Глазея на просыпающуюся за окном зелень, совершавшую энергичную утреннюю пробежку за поездом, Елена вдруг соскользнула взглядом на отполированную плоскость стекла, отпрянула, влипла в плечо двойника Коля, и принялась усиленно дуть вверх, руками пытаясь пристроить оторвавшийся и болтавшийся перед ее носом сверкающий слюдяной канат, акробат-производитель которого опрометчиво намеревался спуститься сейчас в никуда. Твигги вжала дряблые щеки и взглянула на нее с плотоядным осуждением; негра молча наградила приговором поверх очков, тут же достала из своей обширной кожаной черной сумки с четырьмя ручками ядреный джюси-фрюйт, и землетрясение на ее жующем грозном порицающем лице в падающих очках стало выглядеть совсем уже эсхатологически; и только капустопузый господин остался относительно лоялен и рассматривал жестикулирующую в пустом воздухе соседку с добродушным, но настороженным интересом, перестав даже барабанить по мотоциклетному кумполу — а Елена, уже лопаясь от внутреннего смеха, всё, как назло, никак не могла вспомнить, как же будет «паучок» по-немецки, внезапно сообразив, как же должны выглядеть все ее пассы в воздухе, если сверкающую канатную дорогу с сорванными швартовыми на солнце видно только ей — и в результате лишь выразительно указала эрзац-Колю пальцем вверх.
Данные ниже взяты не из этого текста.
lemma Fn_iff: "w \<in> Fn n \<longleftrightarrow> reduced w \<and> on_gens n w"
  by (auto simp: Fn_def on_gens_def)

lemma endo_closed: "gens_map n f \<Longrightarrow> w \<in> Fn n \<Longrightarrow> endo n f w \<in> Fn n"
  by (auto simp: endo_def Fn_iff intro!: on_gens_reduce on_gens_subst)

definition subst_comp :: "(nat \<Rightarrow> fword) \<Rightarrow> (nat \<Rightarrow> fword) \<Rightarrow> nat \<Rightarrow> fword" where
  "subst_comp f g = (\<lambda>l. subst f (g l))"

lemma gens_map_subst_comp: "gens_map n f \<Longrightarrow> gens_map n g \<Longrightarrow> gens_map n (subst_comp f g)"
  by (simp add: gens_map_def subst_comp_def on_gens_subst)

lemma compose_endo:
  assumes "gens_map n g"
  shows "compose (Fn n) (endo n f) (endo n g) = endo n (subst_comp f g)"
proof
  fix w
  show "compose (Fn n) (endo n f) (endo n g) w = endo n (subst_comp f g) w"
  proof (cases "w \<in> Fn n")
    case True
    with endo_closed[OF assms] have "endo n f (endo n g w) = reduce (subst f (reduce (subst g w)))"
      by (simp add: endo_def)
    also have "\<dots> = endo n (subst_comp f g) w"
      using True by (simp add: endo_def subst_subst subst_comp_def)
    finally show ?thesis using True by (simp add: compose_def)
  qed (simp add: compose_def endo_def)
qed

lemma endo_cong:
  assumes "\<And>l. l \<in> {1..n} \<Longrightarrow> reduce (f l) = reduce (g l)"
  shows "endo n f = endo n g"
proof
  fix w
  show "endo n f w = endo n g w"
  proof (cases "w \<in> Fn n")
    case True
    then have "reduce (subst f w) = reduce (subst g w)"
      by (intro reduce_subst_cong assms) (auto simp: Fn_iff on_gens_def)
    with True show ?thesis by (simp add: endo_def)
  qed (simp add: endo_def)
qed

lemma endo_fgen: "endo n fgen = (\<lambda>w \<in> Fn n. w)"
  by (auto simp: endo_def Fn_iff reduce_reduced)

definition inverse_substs :: "nat \<Rightarrow> (nat \<Rightarrow> fword) \<Rightarrow> (nat \<Rightarrow> fword) \<Rightarrow> bool" where
  "inverse_substs n f g \<longleftrightarrow> gens_map n f \<and> gens_map n g \<and>
     (\<forall>l \<in> {1..n}. reduce (subst f (g l)) = fgen l \<and> reduce (subst g (f l)) = fgen l)"

lemma inverse_substs_sym: "inverse_substs n f g \<Longrightarrow> inverse_substs n g f"
  by (auto simp: inverse_substs_def)

lemma compose_endo_inverse:
  assumes "inverse_substs n f g"
  shows "compose (Fn n) (endo n f) (endo n g) = (\<lambda>w \<in> Fn n. w)"
proof -
  have "endo n (subst_comp f g) = endo n fgen"
    using assms by (intro endo_cong) (simp add: inverse_substs_def subst_comp_def fgen_def)
  with assms show ?thesis by (simp add: inverse_substs_def compose_endo endo_fgen)
qed

lemma endo_Bij:
  assumes "inverse_substs n f g"
  shows "endo n f \<in> Bij (Fn n)"
proof -
  have maps: "gens_map n f" "gens_map n g" using assms by (auto simp: inverse_substs_def)
  have "w \<in> Fn n \<Longrightarrow> endo n f (endo n g w) = w"
   and "w \<in> Fn n \<Longrightarrow> endo n g (endo n f w) = w" for w
    using fun_cong[OF compose_endo_inverse[OF assms], of w]
      fun_cong[OF compose_endo_inverse[OF inverse_substs_sym[OF assms]], of w]
    by (simp_all add: compose_def)
  then have "bij_betw (endo n f) (Fn n) (Fn n)"
    by (intro bij_betw_byWitness[where f'="endo n g"]) (use endo_closed maps in auto)
  then show ?thesis by (simp add: Bij_def endo_def)
qed

interpretation SymF: group "SymF n" for n
  by (rule group_BijGroup)

lemma SymF_carrier: "carrier (SymF n) = Bij (Fn n)"
  and SymF_one: "\<one>\<^bsub>SymF n\<^esub> = (\<lambda>w \<in> Fn n. w)"
  and SymF_mult: "x \<in> Bij (Fn n) \<Longrightarrow> y \<in> Bij (Fn n) \<Longrightarrow> x \<otimes>\<^bsub>SymF n\<^esub> y = compose (Fn n) x y"
  by (simp_all add: BijGroup_def)

lemma endo_carrier: "inverse_substs n f g \<Longrightarrow> endo n f \<in> carrier (SymF n)"
  by (simp add: SymF_carrier endo_Bij)

lemma inv_endo:
  assumes "inverse_substs n f g"
  shows "inv\<^bsub>SymF n\<^esub> (endo n f) = endo n g"
proof (rule SymF.inv_equality)
  note sym = inverse_substs_sym[OF assms]
  show "endo n g \<otimes>\<^bsub>SymF n\<^esub> endo n f = \<one>\<^bsub>SymF n\<^esub>"
    using endo_Bij[OF sym] endo_Bij[OF assms] compose_endo_inverse[OF sym]
    by (simp add: SymF_mult SymF_one)
qed (use endo_carrier assms inverse_substs_sym in blast)+

lemma endo_mult:
  "gens_map n g \<Longrightarrow> endo n f \<in> carrier (SymF n) \<Longrightarrow> endo n g \<in> carrier (SymF n) \<Longrightarrow>
   endo n f \<otimes>\<^bsub>SymF n\<^esub> endo n g = endo n (subst_comp f g)"
  by (simp add: SymF_mult compose_endo SymF_carrier)

lemma endo_mult_carrier:
  "gens_map n f \<Longrightarrow> gens_map n g \<Longrightarrow> endo n f \<in> carrier (SymF n) \<Longrightarrow> endo n g \<in> carrier (SymF n)
   \<Longrightarrow> endo n (subst_comp f g) \<in> carrier (SymF n)"
  by (metis endo_mult SymF.m_closed)

definition eps_inv_map :: "nat \<Rightarrow> nat \<Rightarrow> nat \<Rightarrow> fword" where
  "eps_inv_map i j l = (if l = i then fgen j @ fgen i @ finv (fgen j) else fgen l)"

definition eps_inv_aut :: "nat \<Rightarrow> nat \<Rightarrow> nat \<Rightarrow> fword \<Rightarrow> fword" where
  "eps_inv_aut n i j = endo n (eps_inv_map i j)"

lemma gens_map_eps: "i \<in> {1..n} \<Longrightarrow> j \<in> {1..n} \<Longrightarrow> gens_map n (eps_map i j)"
  by (auto simp: gens_map_def eps_map_def)

lemma gens_map_eps_inv: "i \<in> {1..n} \<Longrightarrow> j \<in> {1..n} \<Longrightarrow> gens_map n (eps_inv_map i j)"
  by (auto simp: gens_map_def eps_inv_map_def)

lemma inverse_substs_eps:
  assumes "i \<in> {1..n}" "j \<in> {1..n}" "i \<noteq> j"
  shows "inverse_substs n (eps_map i j) (eps_inv_map i j)"
  using assms gens_map_eps[OF assms(1,2)] gens_map_eps_inv[OF assms(1,2)]
  by (auto simp: inverse_substs_def eps_map_def eps_inv_map_def fgen_def letter_image_def reduce_Cons)

context
  fixes n i j :: nat
  assumes ij: "i \<in> {1..n}" "j \<in> {1..n}" "i \<noteq> j"
begin

lemma eps_aut_carrier: "eps_aut n i j \<in> carrier (SymF n)"
  unfolding eps_aut_def by (rule endo_carrier[OF inverse_substs_eps[OF ij]])

lemma eps_inv_aut_carrier: "eps_inv_aut n i j \<in> carrier (SymF n)"
  unfolding eps_inv_aut_def by (rule endo_carrier[OF inverse_substs_sym[OF inverse_substs_eps[OF ij]]])

lemma inv_eps_aut: "inv\<^bsub>SymF n\<^esub> (eps_aut n i j) = eps_inv_aut n i j"
  unfolding eps_aut_def eps_inv_aut_def by (rule inv_endo[OF inverse_substs_eps[OF ij]])

lemma inv_eps_inv_aut: "inv\<^bsub>SymF n\<^esub> (eps_inv_aut n i j) = eps_aut n i j"
  unfolding eps_aut_def eps_inv_aut_def
  by (rule inv_endo[OF inverse_substs_sym[OF inverse_substs_eps[OF ij]]])

end

lemma transp_transp[simp]: "transp t (transp t i) = i"
  by (auto simp: transp_def)

lemma transp_in_range: "1 \<le> t \<Longrightarrow> Suc t \<le> n \<Longrightarrow> i \<in> {1..n} \<Longrightarrow> transp t i \<in> {1..n}"
  by (auto simp: transp_def)

lemma alpha_map_transp: "alpha_map t = (\<lambda>l. fgen (transp t l))"
  by (auto simp: alpha_map_def transp_def)

context
  fixes n t :: nat
  assumes t: "1 \<le> t" "Suc t \<le> n"
begin

lemma gens_map_alpha: "gens_map n (alpha_map t)"
  using t by (auto simp: gens_map_def alpha_map_def)

lemma inverse_substs_alpha: "inverse_substs n (alpha_map t) (alpha_map t)"
  using t gens_map_alpha by (auto simp: inverse_substs_def alpha_map_def fgen_def letter_image_def)

lemma alpha_aut_carrier: "alpha_aut n t \<in> carrier (SymF n)"
  unfolding alpha_aut_def by (rule endo_carrier[OF inverse_substs_alpha])

lemma inv_alpha_aut: "inv\<^bsub>SymF n\<^esub> (alpha_aut n t) = alpha_aut n t"
  unfolding alpha_aut_def by (rule inv_endo[OF inverse_substs_alpha])

lemma alpha_aut_square: "alpha_aut n t \<otimes>\<^bsub>SymF n\<^esub> alpha_aut n t = \<one>\<^bsub>SymF n\<^esub>"
  by (metis SymF.r_inv alpha_aut_carrier inv_alpha_aut)

lemma sigma_aut_eq: "sigma_aut n t = eps_inv_aut n (Suc t) t \<otimes>\<^bsub>SymF n\<^esub> alpha_aut n t"
proof -
  have range: "t \<in> {1..n}" "Suc t \<in> {1..n}" using t by auto
  have "eps_inv_aut n (Suc t) t \<otimes>\<^bsub>SymF n\<^esub> alpha_aut n t
      = endo n (subst_comp (eps_inv_map (Suc t) t) (alpha_map t))"
    using eps_inv_aut_carrier[OF range(2,1)] alpha_aut_carrier
    by (simp add: eps_inv_aut_def alpha_aut_def endo_mult gens_map_alpha)
  also have "\<dots> = sigma_aut n t" unfolding sigma_aut_def
    by (rule endo_cong)
      (auto simp: subst_comp_def alpha_map_def sigma_map_def eps_inv_map_def fgen_def letter_image_def)
  finally show ?thesis by simp
qed

lemma sigma_aut_carrier: "sigma_aut n t \<in> carrier (SymF n)"
  using t by (simp add: sigma_aut_eq alpha_aut_carrier eps_inv_aut_carrier)

lemma inv_sigma_aut: "inv\<^bsub>SymF n\<^esub> (sigma_aut n t) = alpha_aut n t \<otimes>\<^bsub>SymF n\<^esub> eps_aut n (Suc t) t"
  using t by (simp add: sigma_aut_eq SymF.inv_mult_group eps_inv_aut_carrier alpha_aut_carrier
      inv_alpha_aut inv_eps_inv_aut)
Но лучше бы и этого не делала — потому что тут же потеряла уже и его сочувствие: тот, посвистывая, отвернулся в проход, и все трое спутников остались сидеть с окаменелыми лицами до Мюнхена, рядом с широко улыбавшейся и вдохновенно дувшей на солнечную взвесь русской.
— Нэкстэр хальт — Мариен-платц! Пожалуйста, выходите справа! — объявил томный женский электронный голос, и засвистело, завертело, вынесло в безразмерный переход с киосками — музеями вновь только что созданной цивилизации еды в блестящих хрустящих пакетиках; в лабиринт, с десятками потайных лазов, пропахший духами; где самым захватывающим дух аттракционом оказалось прокатиться вверх в прозрачном лифте, и внезапно радостно материализоваться откуда ни возьмись уже на солнечной, палёной марципановой лепки, Мариен-платц, стараясь не размешать себя в толпе под подъезжающий звон чайных ложечек колоколен, и вылиться наружу из поразительно чистого новенького стеклянного бокальчика, похожего на перевернутый вверх тормашками железнодорожный стакан в металлическом подстаканнике, спрессованный кем-то в руках для компактности в куб.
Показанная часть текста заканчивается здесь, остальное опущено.